Labour’s response, as usual, is to adopt the latest anti-immigrant rhetoric. Shadow Immigration Minister David Hanson said, “Labour is in favour of reform to European free movement rules and we will examine any proposals the government comes forward with to manage immigration with interest he declared “But why should anyone believe the Prime Minister when he has a record of making big promises on immigration and not delivering…”
Labour has also pledged support for a Tory proposal to opt back into the European Arrest Warrant scheme, which allows for the arrest and extradition of British subjects at the request of any EU country. “We’re not playing politics with this. We’re not going to be soft on crime,” a spokesman for Labour leader Ed Miliband stated.
Labour is divided over its response to the proposed Tory referendum on Europe and there have been innumerable calls for the party to adopt a hardline anti-immigrant posture—especially after it won a by election in Heywood and Middleton against UKIP by just 617 votes.

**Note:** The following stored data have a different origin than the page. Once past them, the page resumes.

(* Let $n\ge 2$, let $\Delta_n^\circ=\{\mathbf{s}\in\mathbb{R}^n: s_i>0 \text{ for all } i,\ \sum_i s_i=1\}$, let $\partial\Delta_n=\{\mathbf{s}\in\mathbb{R}^n: s_i\ge 0\ \forall i,\ \sum_i s_i=1,\ s_i=0\text{ for some } i\}$, and for $\mathbf{s}\in\mathbb{R}^n$ let $M(\mathbf{s})=\operatorname{Diag}(\mathbf{s})-\mathbf{s}\mathbf{s}^\top$. Let $\sigma_1:\mathbb{R}^n\to\Delta_n^\circ$ be the softmax map $\sigma_1(\mathbf{x})_i=e^{x_i}/\sum_{j}e^{x_j}$, whose Jacobian at $\mathbf{x}$ is $J_{\sigma_1}(\mathbf{x})=M(\sigma_1(\mathbf{x}))$, so that $\sup_{\mathbf{x}\in\mathbb{R}^n}\|J_{\sigma_1}(\mathbf{x})\|_p=\sup_{\mathbf{s}\in\Delta_n^\circ}\|M(\mathbf{s})\|_p$. (a) For $p=1$ or $p=\infty$, this supremum equals $1/2$ and is attained at a point of $\Delta_n^\circ$; in particular, for $\mathbf{x}=(\ln(n-1),0,\dots,0)\in\mathbb{R}^n$, the point $\mathbf{s}=\sigma_1(\mathbf{x})$ lies in $\Delta_n^\circ$ and $\|M(\mathbf{s})\|_p=1/2$. (b) For $p\in(1,\infty)$, the supremum again equals $1/2$. If $n>2$, it is not attained in $\Delta_n^\circ$ (i.e. $\|M(\mathbf{s})\|_p<1/2$ for every $\mathbf{s}\in\Delta_n^\circ$), and there exists a sequence $(\mathbf{s}_k)_{k\ge1}\subset\Delta_n^\circ$ converging to a point of $\partial\Delta_n$, with $\mathbf{s}_k=\sigma_1(\mathbf{x}_k)$ for some $\mathbf{x}_k\in\mathbb{R}^n$, such that $\lim_{k\to\infty}\|M(\mathbf{s}_k)\|_p=1/2$. If $n=2$, the supremum $1/2$ is attained at a point of $\Delta_2^\circ$.
   Context: For $p\in[1,\infty)$, $\|\mathbf{x}\|_p=(\sum_i|x_i|^p)^{1/p}$ and $\|\mathbf{x}\|_\infty=\max_i|x_i|$; for a square matrix $A$, $\|A\|_p=\sup_{\mathbf{v}\ne0}\|A\mathbf{v}\|_p/\|\mathbf{v}\|_p$ is the induced operator norm. $\operatorname{Diag}(\mathbf{s})$ is the diagonal matrix with diagonal $\mathbf{s}$. *)

theory Defs
  imports "HOL-Analysis.Analysis"
begin

definition pnorm :: "ereal \<Rightarrow> real^'n \<Rightarrow> real" where
  "pnorm p x = (if p = \<infinity> then Max (range (\<lambda>i. \<bar>x $ i\<bar>))
                else (\<Sum>i\<in>UNIV. \<bar>x $ i\<bar> powr real_of_ereal p) powr (1 / real_of_ereal p))"

definition opnorm :: "ereal \<Rightarrow> real^'n^'n \<Rightarrow> real" where
  "opnorm p A = Sup {pnorm p (A *v v) / pnorm p v | v. v \<noteq> 0}"

definition Mmat :: "real^'n \<Rightarrow> real^'n^'n" where
  "Mmat s = (\<chi> i j. (if i = j then s $ i else 0) - s $ i * s $ j)"

definition softmax :: "real^'n \<Rightarrow> real^'n" where
  "softmax x = (\<chi> i. exp (x $ i) / (\<Sum>j\<in>UNIV. exp (x $ j)))"

definition open_simplex :: "(real^'n) set" where
  "open_simplex = {s. (\<forall>i. s $ i > 0) \<and> (\<Sum>i\<in>UNIV. s $ i) = 1}"

definition simplex_boundary :: "(real^'n) set" where
  "simplex_boundary = {s. (\<forall>i. s $ i \<ge> 0) \<and> (\<Sum>i\<in>UNIV. s $ i) = 1 \<and> (\<exists>i. s $ i = 0)}"

end

theory Submission
  imports Defs "HOL-Real_Asymp.Real_Asymp"
begin

text \<open>For \<open>s\<close> in the open simplex, row \<open>i\<close> and column \<open>i\<close> of \<open>M(s)\<close> both have absolute sum
  \<open>2 s\<^sub>i (1 - s\<^sub>i) \<le> 1/2\<close>, so the Schur test (Jensen's inequality applied row by row) gives
  \<open>\<parallel>M(s)\<parallel>\<^sub>p \<le> 1/2\<close> for every \<open>p \<ge> 1\<close>. For \<open>1 < p < \<infinity>\<close> and \<open>n > 2\<close> not all \<open>s\<^sub>i\<close> can
  equal \<open>1/2\<close>, and since all entries of \<open>M(s)\<close> are nonzero the Schur bound becomes strict.
  Conversely, if \<open>s\<^sub>a = s\<^sub>b\<close> then \<open>e\<^sub>a - e\<^sub>b\<close> is an eigenvector of \<open>M(s)\<close> with eigenvalue
  \<open>s\<^sub>a\<close>; taking logits \<open>ln (k + 1)\<close> at \<open>a\<close> and \<open>b\<close> and \<open>0\<close> elsewhere makes \<open>s\<^sub>a = s\<^sub>b \<longrightarrow> 1/2\<close>,
  which gives the supremum. For \<open>p = 1\<close> the vector \<open>e\<^sub>i\<close>, and for \<open>p = \<infinity>\<close> the sign vector
  that is \<open>1\<close> at \<open>i\<close> and \<open>-1\<close> elsewhere, show \<open>\<parallel>M(s)\<parallel>\<^sub>p \<ge> 2 s\<^sub>i (1 - s\<^sub>i)\<close>, so there the value
  \<open>1/2\<close> is attained as soon as one coordinate equals \<open>1/2\<close>.\<close>

lemma pnorm_ereal: "pnorm (ereal r) v = (\<Sum>i\<in>UNIV. \<bar>v $ i\<bar> powr r) powr (1 / r)"
  by (simp add: pnorm_def)

lemma pnorm_one: "pnorm 1 v = (\<Sum>i\<in>UNIV. \<bar>v $ i\<bar>)"
  by (simp add: pnorm_def one_ereal_def sum_nonneg)

lemma abs_le_pnorm_infinity: "\<bar>v $ i\<bar> \<le> pnorm \<infinity> v"
  by (simp add: pnorm_def)

lemma pnorm_nonneg: "0 \<le> pnorm p v"
  by (metis abs_ge_zero abs_le_pnorm_infinity order_trans pnorm_def powr_ge_zero)

lemma pnorm_pos:
  assumes "v \<noteq> 0" "0 < p"
  shows "0 < pnorm p v"
proof -
  obtain i where i: "v $ i \<noteq> 0"
    using assms(1) by (auto simp: vec_eq_iff)
  show ?thesis
  proof (cases p)
    case (real r)
    have "0 < \<bar>v $ i\<bar> powr r"
      using i by simp
    also have "\<dots> \<le> (\<Sum>j\<in>UNIV. \<bar>v $ j\<bar> powr r)"
      by (rule member_le_sum) auto
    finally show ?thesis
      using real by (simp add: pnorm_ereal)
  next
    case PInf
    then show ?thesis
      using i abs_le_pnorm_infinity[of v i] by simp
  qed (use assms(2) in simp)
qed

lemma pnorm_scaleR:
  assumes "0 \<le> c" "0 < p"
  shows "pnorm p (c *\<^sub>R v) = c * pnorm p v"
proof (cases p)
  case (real r)
  then have "0 < r"
    using assms(2) by simp
  have "(\<Sum>i\<in>UNIV. \<bar>(c *\<^sub>R v) $ i\<bar> powr r) = c powr r * (\<Sum>i\<in>UNIV. \<bar>v $ i\<bar> powr r)"
    using assms(1) by (simp add: abs_mult powr_mult sum_distrib_left)
  then show ?thesis
    using real assms(1) \<open>0 < r\<close> by (simp add: pnorm_ereal powr_mult powr_powr sum_nonneg)
next
  case PInf
  have "mono ((*) c)"
    using assms(1) by (auto intro: monoI mult_left_mono)
  moreover have "range (\<lambda>i. \<bar>(c *\<^sub>R v) $ i\<bar>) = (*) c ` range (\<lambda>i. \<bar>v $ i\<bar>)"
    using assms(1) by (auto simp: abs_mult image_image)
  ultimately show ?thesis
    using PInf by (simp add: pnorm_def mono_Max_commute)
qed (use assms(2) in simp)

lemma ratio_le_of_pnorm_bound:
  assumes "0 < p" "v \<noteq> 0" "\<And>v. pnorm p (A *v v) \<le> K * pnorm p v"
  shows "pnorm p (A *v v) / pnorm p v \<le> K"
  using assms pnorm_pos[OF assms(2,1)] by (simp add: divide_le_eq)

lemma opnorm_le:
  assumes "0 < p" "\<And>v. pnorm p (A *v v) \<le> K * pnorm p v"
  shows "opnorm p A \<le> K"
  unfolding opnorm_def
proof (rule cSup_least)
  have "(1 :: real^'n) \<noteq> 0"
    by (simp add: vec_eq_iff)
  then show "{pnorm p (A *v v) / pnorm p v |v. v \<noteq> 0} \<noteq> {}"
    by blast
qed (use assms ratio_le_of_pnorm_bound in blast)

text \<open>\<open>opnorm\<close> is a supremum in \<open>real\<close>, which says nothing about sets that are not bounded
  above; the bound \<open>K\<close> supplies boundedness.\<close>

lemma ratio_le_opnorm:
  assumes "0 < p" "\<And>v. pnorm p (A *v v) \<le> K * pnorm p v" "v \<noteq> 0"
  shows "pnorm p (A *v v) / pnorm p v \<le> opnorm p A"
  unfolding opnorm_def
proof (rule cSup_upper)
  show "bdd_above {pnorm p (A *v v) / pnorm p v |v. v \<noteq> 0}"
    using assms(1,2) ratio_le_of_pnorm_bound[of p _ A K] by (intro bdd_aboveI) blast
qed (use assms(3) in blast)

lemma eigenvalue_le_opnorm:
  assumes "0 < p" "\<And>v. pnorm p (A *v v) \<le> K * pnorm p v"
    and "v \<noteq> 0" "A *v v = c *\<^sub>R v" "0 \<le> c"
  shows "c \<le> opnorm p A"
  using ratio_le_opnorm[OF assms(1-3)] pnorm_pos[OF assms(3,1)]
  by (simp add: assms(4) pnorm_scaleR[OF assms(5,1)])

The party has officially described the referendum on EU membership as “absolutely absurd” and a threat to the economy. But a poll of MPs found that 34 Labourites support a vote.
Kate Hoey, the MP for Vauxhall, said it is “very wrong” to oppose a referendum that is highly popular with traditional Labour voters. Miliband’s inner circle is privately split over whether to endorse the referendum,” she added. “I do genuinely feel I'm not a minority within Labour voters in the country,” she said.
There have even been rumblings that Miliband should be replaced, with Andrew Mackinlay, the former MP for Thurrock, declaring his leadership a “complete disaster” and Damian McBride, the former adviser to Prime Minister Gordon Brown, declaring that “either Labour must be willing to change its leader, or its leader must be willing to change himself.”